21 Aug 2019 (+0800)
Seam carving [2] is an algorithm for content-aware image resizing. It functions by searching for a number of seams (paths of least importance) in an image and removing these seams to reduce image size. The basic idea can be demonstrated with the following images from Wikipedia:
Seam carving searches for seams which are indicated by red lines:
After removing these seams, we get the resulting image:
The original algorithm [1] finds one seam each time. To shrink an image to a specific size, we first shrink the image in the vertical direction by multiple search and removing operations to get an intermediate image. Then we do the same on the intermediate image horizontally.
vertical: search -> remove -> search -> remove -> ...
horizontal: search -> remove -> search -> remove -> ...
This is too slow for large images, thus an algorithm [3] was proposed, which can find multiple seams of one direction in one pass. We could shrink an image by calling this algorithm two times.
vertical: search -> remove
horizontal: search -> remove
In one of our systems using [3], we tried to reduce the number of removing operations to one by searching two times to find seams in both directions and remove them all at a time.
vertical: search
horizontal: search
two directions: remove
Intuitively, it’s as easy as removing seams in one direction, but our practice shows it’s not. This text explains the reason.

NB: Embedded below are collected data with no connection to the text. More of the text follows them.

lemma psd_kernel_hermitian:
  assumes "psd_kernel S K" "finite S" "a \<in> S" "b \<in> S"
  shows "K b a = cnj (K a b)"
proof -
  have "Im (K a a) = 0" "Im (K b b) = 0"
    using psd_kernel_diag[OF assms(1,2)] assms(3,4) by (auto simp: cnonneg_def)
  moreover have "Im (K a a + K a b + K b a + K b b) = 0"
    using psd_kernel_two_point[OF assms, of 1 1] by (simp add: cnonneg_def)
  moreover have "Im (K a a + \<i> * K a b - \<i> * K b a + K b b) = 0"
    using psd_kernel_two_point[OF assms, of 1 \<i>] by (simp add: cnonneg_def)
  ultimately show ?thesis by (simp add: complex_eq_iff)
qed

text \<open>Test the form at \<open>v = c \<delta>\<^sub>a + \<delta>\<^sub>b\<close> with \<open>c = -t K a b\<close> and \<open>t\<close> large.\<close>
lemma psd_kernel_zero_row:
  assumes psd: "psd_kernel S K" and S: "finite S" "a \<in> S" "b \<in> S" and zero: "K a a = 0"
  shows "K a b = 0"
proof (rule ccontr)
  assume "K a b \<noteq> 0"
  define r where "r = (Re (K a b))\<^sup>2 + (Im (K a b))\<^sup>2"
  have r: "r > 0"
    using \<open>K a b \<noteq> 0\<close> by (simp add: r_def sum_power2_gt_zero_iff complex_eq_iff)
  define t where "t = (Re (K b b) + 1) / (2 * r)"
  define c where "c = - (complex_of_real t * K a b)"
  have "cnj c * K a b = - complex_of_real (t * r)" "c * K b a = - complex_of_real (t * r)"
    using psd_kernel_hermitian[OF psd S]
    by (simp_all add: c_def r_def complex_mult_cnj mult.commute mult.left_commute)
  then have "cnonneg (complex_of_real (- 2 * t * r) + K b b)"
    using psd_kernel_two_point[OF psd S, of c 1] zero by (simp add: algebra_simps)
  then have "0 \<le> - 2 * t * r + Re (K b b)"
    by (simp add: cnonneg_def)
  also have "\<dots> = -1" using r by (simp add: t_def field_simps)
  finally show False by simp
qed

lemma psd_kernel_zero_col:
  assumes "psd_kernel S K" "finite S" "a \<in> S" "b \<in> S" "K a a = 0"
  shows "K b a = 0"
  using psd_kernel_zero_row[OF assms] psd_kernel_hermitian[OF assms(1-4)] by simp

lemma psd_kernel_add: "psd_kernel S K1 \<Longrightarrow> psd_kernel S K2 \<Longrightarrow> psd_kernel S (\<lambda>x y. K1 x y + K2 x y)"
  by (simp add: psd_kernel_def kernel_form_def algebra_simps sum.distrib cnonneg_def)

lemma psd_kernel_rank_one:
  assumes "r \<ge> 0"
  shows "psd_kernel S (\<lambda>x y. complex_of_real r * g x * cnj (g y))"
  unfolding psd_kernel_def
proof
  fix v
  define s where "s = (\<Sum>y\<in>S. cnj (g y) * v y)"
  have "kernel_form S (\<lambda>x y. complex_of_real r * g x * cnj (g y)) v v
      = complex_of_real r * ((\<Sum>x\<in>S. cnj (v x) * g x) * s)"
    unfolding kernel_form_def s_def sum_product
    by (simp only: sum_distrib_left) (intro sum.cong refl, simp add: algebra_simps)
  also have "(\<Sum>x\<in>S. cnj (v x) * g x) = cnj s"
    by (simp add: s_def mult.commute)
  also have "cnj s * s = complex_of_real ((Re s)\<^sup>2 + (Im s)\<^sup>2)"
    by (simp add: complex_mult_cnj mult.commute)
  finally show "cnonneg (kernel_form S (\<lambda>x y. complex_of_real r * g x * cnj (g y)) v v)"
    using assms by (simp add: cnonneg_def)
qed

lemma psd_kernel_cong:
  "(\<And>x y. x \<in> S \<Longrightarrow> y \<in> S \<Longrightarrow> K x y = K' x y) \<Longrightarrow> psd_kernel S K \<longleftrightarrow> psd_kernel S K'"
  unfolding psd_kernel_def kernel_form_def by (simp cong: sum.cong)

lemma kernel_form_restrict:
  assumes "finite S" "T \<subseteq> S"
  shows "kernel_form S (\<lambda>x y. if x \<in> T \<and> y \<in> T then K x y else 0) u v = kernel_form T K u v"
proof -
  have "kernel_form S (\<lambda>x y. if x \<in> T \<and> y \<in> T then K x y else 0) u v
      = (\<Sum>x\<in>S. if x \<in> T then (\<Sum>y\<in>S. if y \<in> T then cnj (u x) * K x y * v y else 0) else 0)"
    unfolding kernel_form_def by (auto intro!: sum.cong)
  also have "\<dots> = kernel_form T K u v"
    using assms by (simp add: kernel_form_def sum.If_cases Int_absorb1)
  finally show ?thesis .
qed

lemma psd_kernel_extend_zero:
  "finite S \<Longrightarrow> T \<subseteq> S \<Longrightarrow> psd_kernel T K \<Longrightarrow>
    psd_kernel S (\<lambda>x y. if x \<in> T \<and> y \<in> T then K x y else 0)"
  by (simp add: psd_kernel_def kernel_form_restrict)

lemma psd_kernel_subset:
  assumes "finite S" "T \<subseteq> S" "psd_kernel S K"
  shows "psd_kernel T K"
  unfolding psd_kernel_def
proof
  fix v
  define w :: "_ \<Rightarrow> complex" where "w x = (if x \<in> T then v x else 0)" for x
  have "kernel_form S K w w = kernel_form S (\<lambda>x y. if x \<in> T \<and> y \<in> T then K x y else 0) v v"
    unfolding kernel_form_def w_def by (intro sum.cong refl) auto
  then have "kernel_form T K v v = kernel_form S K w w"
    by (simp add: kernel_form_restrict[OF assms(1,2)])
  then show "cnonneg (kernel_form T K v v)"
    using assms(3) unfolding psd_kernel_def by simp
qed

lemma psd_kernel_image:
  assumes "inj_on f S" "psd_kernel S (\<lambda>x y. K (f x) (f y))"
  shows "psd_kernel (f ` S) K"
  unfolding psd_kernel_def
proof
  fix v
  have "kernel_form (f ` S) K v v = kernel_form S (\<lambda>x y. K (f x) (f y)) (v \<circ> f) (v \<circ> f)"
    by (simp add: kernel_form_def sum.reindex[OF assms(1)])
  then show "cnonneg (kernel_form (f ` S) K v v)"
    using assms(2) unfolding psd_kernel_def by simp
qed

text \<open>When the pivot \<open>K c c\<close> vanishes, division by zero makes the Schur complement equal to \<open>K\<close>.\<close>
definition schur_compl :: "('i \<Rightarrow> 'i \<Rightarrow> complex) \<Rightarrow> 'i \<Rightarrow> 'i \<Rightarrow> 'i \<Rightarrow> complex"
  where "schur_compl K c x y = K x y - K x c * K c y / K c c"
(* Let $\Sigma\subset\mathbb G$ be a regular surface and $\gamma=(\gamma_1,\gamma_2,\gamma_3):[a,b]\to\Sigma$ a Euclidean $C^2$-smooth regular curve, and let $t\in[a,b]$ be such that $\gamma(t)$ is a non-characteristic point of $\Sigma$, with $\bar p,\bar q$ evaluated at $\gamma(t)$. Write $\omega(\dot\gamma(t))=\frac{\dot\gamma_2}{\gamma_1}-\dot\gamma_3$. (i) If $\omega(\dot\gamma(t))\ne0$, then $k^{\infty,s}_{\gamma,\Sigma}=\lim_{L\to+\infty}k^{L,s}_{\gamma,\Sigma}$ exists and equals $\dfrac{\bar p\dot\gamma_1+\bar q\dot\gamma_2}{\gamma_1|\omega(\dot\gamma(t))|}$. (ii) If $\omega(\dot\gamma(t))=0$ and $\frac{d}{dt}\omega(\dot\gamma(t))=0$, then $k^{\infty,s}_{\gamma,\Sigma}=0$. (iii) If $\omega(\dot\gamma(t))=0$ and $\frac{d}{dt}\omega(\dot\gamma(t))\ne0$, then $$\lim_{L\to+\infty}\frac{k^{L,s}_{\gamma,\Sigma}}{\sqrt L}=\frac{\big(-\bar q\frac{\dot\gamma_1}{\gamma_1}+\bar p\dot\gamma_3\big)\frac{d}{dt}\omega(\dot\gamma(t))}{\big|\bar q\frac{\dot\gamma_1}{\gamma_1}-\bar p\dot\gamma_3\big|^3}.$$
   Context: $\mathbb G=(0,\infty)\times\mathbb R^2$ is the affine group with coordinates $(x_1,x_2,x_3)$. Let $X_1=x_1\partial_{x_1}$, $X_2=x_1\partial_{x_2}+\partial_{x_3}$, $X_3=x_1\partial_{x_2}$ with dual forms $\omega_1=x_1^{-1}dx_1$, $\omega_2=dx_3$, $\omega=x_1^{-1}dx_2-dx_3$; for $L>0$, $g_L=\omega_1\otimes\omega_1+\omega_2\otimes\omega_2+L\,\omega\otimes\omega$ (so $X_1,X_2,\widetilde X_3:=L^{-1/2}X_3$ is orthonormal) with Levi-Civita connection $\nabla^L$. A regular surface is a Euclidean $C^2$-smooth compact oriented surface $\Sigma=\{u=0\}$ with $u$ Euclidean $C^2$ and nonvanishing Euclidean gradient. Put $p=X_1u$, $q=X_2u$, $r=\widetilde X_3u$, $l=\sqrt{p^2+q^2}$, $l_L=\sqrt{p^2+q^2+r^2}$, $\bar p=p/l$, $\bar q=q/l$, $\bar r_L=r/l_L$; non-characteristic means $l\neq0$. There $e_1=\bar qX_1-\bar pX_2$, $e_2=\bar r_L\bar pX_1+\bar r_L\bar qX_2-\frac l{l_L}\widetilde X_3$ is an orthonormal tangent frame of $\Sigma$, and $J_L:T\Sigma\to T\Sigma$ is the linear map with $J_L(e_1)=e_2$, $J_L(e_2)=-e_1$. $\nabla^{\Sigma,L}_UV$ is the $g_L$-orthogonal projection of $\nabla^L_UV$ onto $T\Sigma$. The signed geodesic curvature is $k^{L,s}_{\gamma,\Sigma}=\dfrac{\langle\nabla^{\Sigma,L}_{\dot\gamma}\dot\gamma,J_L(\dot\gamma)\rangle_L}{\|\dot\gamma\|_L^3}$, and $k^{\infty,s}_{\gamma,\Sigma}:=\lim_{L\to+\infty}k^{L,s}_{\gamma,\Sigma}$ when it exists. *)

theory Defs
  imports "HOL-Analysis.Analysis"
begin
class chilbert = banach +
  fixes cscale :: "complex \<Rightarrow> 'a \<Rightarrow> 'a"
    and cinner :: "'a \<Rightarrow> 'a \<Rightarrow> complex"
  assumes cscale_add_right: "cscale c (x + y) = cscale c x + cscale c y"
    and cscale_add_left: "cscale (c + d) x = cscale c x + cscale d x"
    and cscale_cscale: "cscale c (cscale d x) = cscale (c * d) x"
    and cscale_one: "cscale 1 x = x"
    and cscale_of_real: "cscale (complex_of_real r) x = scaleR r x"
    and cinner_commute: "cinner x y = cnj (cinner y x)"
    and cinner_add_right: "cinner x (y + z) = cinner x y + cinner x z"
    and cinner_cscale_right: "cinner x (cscale c y) = c * cinner x y"
    and cinner_self_real: "Im (cinner x x) = 0"
    and cinner_self_nonneg: "0 \<le> Re (cinner x x)"
    and cinner_self_zero: "cinner x x = 0 \<longleftrightarrow> x = 0"
    and norm_cinner: "norm x = sqrt (Re (cinner x x))"

type_synonym 'h op = "'h \<Rightarrow> 'h"

definition bop :: "('h::chilbert) op \<Rightarrow> bool" where
  "bop A \<longleftrightarrow> (\<forall>x y. A (x + y) = A x + A y) \<and> (\<forall>c x. A (cscale c x) = cscale c (A x))
     \<and> (\<exists>K. \<forall>x. norm (A x) \<le> K * norm x)"

definition adj :: "('h::chilbert) op \<Rightarrow> 'h op" where
  "adj A = (\<lambda>y. THE z. \<forall>x. cinner z x = cinner y (A x))"

definition op_add :: "('h::chilbert) op \<Rightarrow> 'h op \<Rightarrow> 'h op" where
  "op_add A B = (\<lambda>x. A x + B x)"

definition op_smul :: "complex \<Rightarrow> ('h::chilbert) op \<Rightarrow> 'h op" where
  "op_smul c A = (\<lambda>x. cscale c (A x))"

definition pos_op :: "('h::chilbert) op \<Rightarrow> bool" where
  "pos_op A \<longleftrightarrow> bop A \<and> (\<forall>x. Im (cinner x (A x)) = 0 \<and> 0 \<le> Re (cinner x (A x)))"

definition op_le :: "('h::chilbert) op \<Rightarrow> 'h op \<Rightarrow> bool" where
  "op_le A B \<longleftrightarrow> pos_op (\<lambda>x. B x - A x)"

text \<open>Closedness in the strong operator topology: every bounded operator lying in the
SOT-closure (basic neighbourhoods given by finitely many vectors and \<open>\<epsilon> > 0\<close>) belongs to the set.\<close>
definition sot_closed :: "('h::chilbert) op set \<Rightarrow> bool" where
  "sot_closed S \<longleftrightarrow> (\<forall>B. bop B \<and>
      (\<forall>F e. finite F \<and> e > 0 \<longrightarrow> (\<exists>A\<in>S. \<forall>x\<in>F. norm (A x - B x) < e)) \<longrightarrow> B \<in> S)"

definition von_neumann_algebra :: "('h::chilbert) op set \<Rightarrow> bool" where
  "von_neumann_algebra \<A> \<longleftrightarrow>
     (\<forall>A\<in>\<A>. bop A) \<and> id \<in> \<A> \<and>
     (\<forall>A\<in>\<A>. \<forall>B\<in>\<A>. op_add A B \<in> \<A>) \<and>
     (\<forall>c. \<forall>A\<in>\<A>. op_smul c A \<in> \<A>) \<and>
     (\<forall>A\<in>\<A>. \<forall>B\<in>\<A>. A \<circ> B \<in> \<A>) \<and>
     (\<forall>A\<in>\<A>. adj A \<in> \<A>) \<and>
     sot_closed \<A>"

definition pos_part :: "('h::chilbert) op set \<Rightarrow> 'h op set" where
  "pos_part \<A> = {A \<in> \<A>. pos_op A}"

text \<open>Positivity of an \<open>n \<times> n\<close> matrix of operators, viewed as an operator on \<open>H\<^sup>n\<close>.\<close>
definition mat_pos :: "nat \<Rightarrow> (nat \<Rightarrow> nat \<Rightarrow> ('h::chilbert) op) \<Rightarrow> bool" where
  "mat_pos n M \<longleftrightarrow> (\<forall>x :: nat \<Rightarrow> 'h.
     Im (\<Sum>i<n. \<Sum>j<n. cinner (x i) (M i j (x j))) = 0 \<and>
     0 \<le> Re (\<Sum>i<n. \<Sum>j<n. cinner (x i) (M i j (x j))))"

definition completely_positive :: "('h::chilbert) op set \<Rightarrow> ('h op \<Rightarrow> 'h op) \<Rightarrow> bool" where
  "completely_positive \<A> T \<longleftrightarrow> (\<forall>n M. (\<forall>i<n. \<forall>j<n. M i j \<in> \<A>) \<and> mat_pos n M
       \<longrightarrow> mat_pos n (\<lambda>i j. T (M i j)))"

definition is_lub_in :: "('h::chilbert) op set \<Rightarrow> 'h op set \<Rightarrow> 'h op \<Rightarrow> bool" where
  "is_lub_in \<A> D s \<longleftrightarrow> s \<in> \<A> \<and> (\<forall>d\<in>D. op_le d s) \<and>
     (\<forall>u\<in>\<A>. (\<forall>d\<in>D. op_le d u) \<longrightarrow> op_le s u)"

text \<open>Normality: preservation of suprema of bounded increasing nets in \<open>\<A>\<^sub>+\<close>
(a net is represented by its range, an upward directed set).\<close>
definition normal_map :: "('h::chilbert) op set \<Rightarrow> ('h op \<Rightarrow> 'h op) \<Rightarrow> bool" where
  "normal_map \<A> T \<longleftrightarrow> (\<forall>D s. D \<subseteq> pos_part \<A> \<and> D \<noteq> {} \<and>
       (\<forall>a\<in>D. \<forall>b\<in>D. \<exists>c\<in>D. op_le a c \<and> op_le b c) \<and>
       (\<exists>K::real. \<forall>d\<in>D. op_le d (op_smul (complex_of_real K) id)) \<and>
       is_lub_in \<A> D s \<longrightarrow> is_lub_in \<A> (T ` D) (T s))"

definition markov_operator :: "('h::chilbert) op set \<Rightarrow> ('h op \<Rightarrow> 'h op) \<Rightarrow> bool" where
  "markov_operator \<A> T \<longleftrightarrow>
     (\<forall>A\<in>\<A>. T A \<in> \<A>) \<and>
     (\<forall>A\<in>\<A>. \<forall>B\<in>\<A>. T (op_add A B) = op_add (T A) (T B)) \<and>
     (\<forall>c. \<forall>A\<in>\<A>. T (op_smul c A) = op_smul c (T A)) \<and>
     T id = id \<and>
     completely_positive \<A> T \<and> normal_map \<A> T"

definition sot_series_to :: "(('h::chilbert) op \<Rightarrow> 'h op) \<Rightarrow> 'h op \<Rightarrow> 'h op \<Rightarrow> bool" where
  "sot_series_to T x y \<longleftrightarrow> (\<forall>v. (\<lambda>N. \<Sum>n<N. (T ^^ n) x v) \<longlonglongrightarrow> y v)"

definition T_summable :: "('h::chilbert) op set \<Rightarrow> ('h op \<Rightarrow> 'h op) \<Rightarrow> 'h op \<Rightarrow> bool" where
  "T_summable \<A> T x \<longleftrightarrow> x \<in> pos_part \<A> \<and> (\<exists>y \<in> pos_part \<A>. sot_series_to T x y)"
(* Let $L$ be the unnormalized Laplacian of a simple undirected network with $M$ edges, with simple eigenvalues $\lambda_1,\dots,\lambda_N$ and orthonormal eigenvectors $\bm v^{(1)},\dots,\bm v^{(N)}$. Suppose the network is modified by adding (resp. removing) an unweighted edge $(p,q)$, encoded by the Laplacian perturbation matrix $\Delta L^{(pq)}$ with $\Delta L^{(pq)}_{pp}=\Delta L^{(pq)}_{qq}=\pm1$, $\Delta L^{(pq)}_{pq}=\Delta L^{(pq)}_{qp}=\mp1$, and all other entries $0$ (upper sign for addition, lower sign for removal). Let $L(\epsilon)=L+\epsilon\,\Delta L^{(pq)}$, assume its eigenvalues $\lambda_i(\epsilon)$ are simple, and let $h(\epsilon)=-\sum_i\frac{\lambda_i(\epsilon)}{2M}\log_2\frac{\lambda_i(\epsilon)}{2M}$. Then $h(\epsilon)=h(0)+\epsilon h'(0)+\mathcal{O}(\epsilon^2)$ with $$h'(0)=-\frac{1}{2M}\sum_{i=1}^N\pm\left(\bm v^{(i)}_p-\bm v^{(i)}_q\right)^2\left(\log_2\frac{\lambda_i}{2M}+\frac{1}{\ln 2}\right),$$ where $\pm$ is $+$ for addition and $-$ for removal.
   Context: For a simple undirected unweighted network with adjacency matrix $A$ and degree matrix $D$, the unnormalized Laplacian is $L=D-A$. The von Neumann entropy of a network with $M$ edges and Laplacian eigenvalues $\lambda_i$ is $-\sum_i\frac{\lambda_i}{2M}\log_2\frac{\lambda_i}{2M}$ with $0\log_2 0=0$. *)

theory Defs
  imports "HOL-Analysis.Analysis" "HOL-Library.Landau_Symbols"
begin

definition simple_adjacency :: "real^'n^'n \<Rightarrow> bool" where
  "simple_adjacency A \<longleftrightarrow>
     (\<forall>i j. A$i$j = 0 \<or> A$i$j = 1) \<and> (\<forall>i j. A$i$j = A$j$i) \<and> (\<forall>i. A$i$i = 0)"

definition laplacian :: "real^'n^'n \<Rightarrow> real^'n^'n" where
  "laplacian A = (\<chi> i j. if i = j then (\<Sum>k\<in>UNIV. A$i$k) else 0) - A"

definition num_edges :: "real^'n^'n \<Rightarrow> real" where
  "num_edges A = (\<Sum>i\<in>UNIV. \<Sum>j\<in>UNIV. A$i$j) / 2"

text \<open>Laplacian perturbation matrix for adding (s = 1) or removing (s = -1) edge (p,q).\<close>
definition edge_perturbation :: "'n \<Rightarrow> 'n \<Rightarrow> real \<Rightarrow> real^'n^'n" where
  "edge_perturbation p q s = (\<chi> i j.
     if (i = p \<and> j = p) \<or> (i = q \<and> j = q) then s
     else if (i = p \<and> j = q) \<or> (i = q \<and> j = p) then - s else 0)"

definition eigenvalues :: "real^'n^'n \<Rightarrow> real set" where
  "eigenvalues L = {c. \<exists>v. v \<noteq> 0 \<and> L *v v = c *\<^sub>R v}"

definition eigenspace :: "real^'n^'n \<Rightarrow> real \<Rightarrow> (real^'n) set" where
  "eigenspace L c = {v. L *v v = c *\<^sub>R v}"

text \<open>Von Neumann entropy  - sum_i (lambda_i / 2M) log2 (lambda_i / 2M), eigenvalues counted with
  (geometric = algebraic, for symmetric L) multiplicity; 0 log 0 = 0 holds since the factor is 0.\<close>
definition vn_entropy :: "real \<Rightarrow> real^'n^'n \<Rightarrow> real" where
  "vn_entropy M L = - (\<Sum>c\<in>eigenvalues L.
      real (dim (eigenspace L c)) * ((c / (2 * M)) * log 2 (c / (2 * M))))"

end

theory Submission
  imports Defs
begin

text \<open>
  The perturbed Laplacian \<open>L + \<epsilon>B\<close> stays symmetric with simple spectrum, so its entropy is
  \<open>-\<Sum> f(\<mu>\<^sub>i)\<close> with \<open>f(x) = (x/2M) log\<^sub>2 (x/2M)\<close>, summed over its eigenvalues \<open>\<mu>\<^sub>i\<close>.
  For each simple eigenpair \<open>(\<lambda>\<^sub>i, v\<^sub>i)\<close> of \<open>L\<close>, the vector \<open>v\<^sub>i + \<epsilon>y\<^sub>i\<close> with
  \<open>y\<^sub>i = \<Sum>\<^sub>j (Bv\<^sub>i\<bullet>v\<^sub>j)/(\<lambda>\<^sub>i - \<lambda>\<^sub>j) v\<^sub>j\<close> satisfies the eigenvalue equation for
  \<open>\<lambda>\<^sub>i + \<epsilon>(Bv\<^sub>i\<bullet>v\<^sub>i)\<close> up to a residual of order \<open>\<epsilon>\<^sup>2\<close>; expanding in an orthonormal
  eigenbasis of \<open>L + \<epsilon>B\<close> puts an eigenvalue that close to it, and the spectral gap of \<open>L\<close>
  makes this matching a bijection for small \<open>\<epsilon>\<close>. The all-ones vector lies in the kernel of both
  \<open>L\<close> and \<open>B\<close>, so the zero eigenvalue stays exactly \<open>0\<close> and has \<open>Bv\<^sub>i\<bullet>v\<^sub>i = 0\<close>. At the
  nonzero eigenvalues a second-order Taylor bound for \<open>x log x\<close> turns
  \<open>\<mu>\<^sub>i = \<lambda>\<^sub>i + \<epsilon>(Bv\<^sub>i\<bullet>v\<^sub>i) + O(\<epsilon>\<^sup>2)\<close> into the expansion of the entropy, and
  \<open>Bv\<^sub>i\<bullet>v\<^sub>i = \<plusminus>(v\<^sub>i\<^sub>p - v\<^sub>i\<^sub>q)\<^sup>2\<close>.
\<close>

definition orthonormal_family :: "('n::finite \<Rightarrow> real^'n) \<Rightarrow> bool" where
  "orthonormal_family u \<longleftrightarrow> (\<forall>i j. u i \<bullet> u j = (if i = j then 1 else 0))"

definition orthonormal_eigenbasis ::
    "real^'n^'n \<Rightarrow> ('n::finite \<Rightarrow> real^'n) \<Rightarrow> ('n \<Rightarrow> real) \<Rightarrow> bool" where
  "orthonormal_eigenbasis S u m \<longleftrightarrow> orthonormal_family u \<and> (\<forall>k. S *v u k = m k *\<^sub>R u k)"

lemma orthonormal_familyD:
  "orthonormal_family u \<Longrightarrow> u i \<bullet> u j = (if i = j then 1 else 0)"
  unfolding orthonormal_family_def by blast

lemma orthonormal_family_nonzero: "orthonormal_family u \<Longrightarrow> u k \<noteq> 0"
  using orthonormal_familyD[of u k k] by auto

lemma orthonormal_family_compose:
  "orthonormal_family u \<Longrightarrow> inj \<kappa> \<Longrightarrow> orthonormal_family (u \<circ> \<kappa>)"
  unfolding orthonormal_family_def by (auto dest: injD)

If there are only vertical or horizontal seams, removing them is
simple. Taking the vertical case as an example, for any pixel
(i, j)
in the input image, where i
is the row
index, j
is the column index, it will be mapped to the
pixel (i, j - co(i, j))
in the resulting image, where
co(i, j)
is the number of vertical seams on the left of the
pixel (i, j)
in the input image. Denoting the input image
as x
, the resulting image as y
, and indexes
starting from 0, we have:
y[i][j - co(i, j)] = x[i][j]
, for i
in [0, x.height)
, j
in
[0, x.width)
, and x[i][j]
is not passed
through by any seam.
Similarly, if there are only horizontal seams, we have:
y[i - ro(i, j)][j] = x[i][j]
, for i
in [0, x.height)
, j
in
[0, x.width)
, and x[i][j]
is not passed
through by any seam. Here ro(i, j)
is the number of
horizontal seams above the pixel (i, j)
in
x
.
Combining two cases, for both vertical and horizontal seams, we have:
y[i - ro(i, j)][j - co(i, j)] = x[i][j]
, for i
in [0, x.height)
, j
in
[0, x.width)
, and x[i][j]
is not passed
through by any seam.
However, this algorithm is not correct for two reasons. The first
reason is that multiple pixels in x
may be mapped to the
same pixel in y
. The second reason is that some positions
in y
may not be mapped by any pixel in x
.
The example is a 4x4 image. To very microscopically observe it, we
draw it as the following grids. Each grid represents a pixel of the
image, and we draw seams on it, blue for the vertical, red for the
horizontal. As the grids show, two pixels of the input image can be
mapped to the same position. For pixel M(3, 0), there’re 2 horizontal
seams above it and no vertical seams on the left of it, so we have
ro[3][0] = 2
and co[3][0] = 0
, thus it will be
mapped to (1, 0) in the resulting image. For pixel K(2, 2), we have
co[2][2] = 2
and ro[2][2] = 1
, thus it will
also be mapped to (1, 0).
Again, we take a 4x4 image presented in the following grids as an example. We label every pixel with letters and draw seams on it, blue for the vertical, red for the horizontal. Observe that every pixels right to or below F(1, 1) is removed by seams, so no pixel will be mapped to (1, 1).
Drawing the resulting image will make this more clear:
We can see that the result can not even form a rectangle.
Why does intuition fail on such simple task? When we think about an image, the brain regards it as an continuous object but the image is actually discrete pixels. The mental model mismatches and one-byte-off errors arise.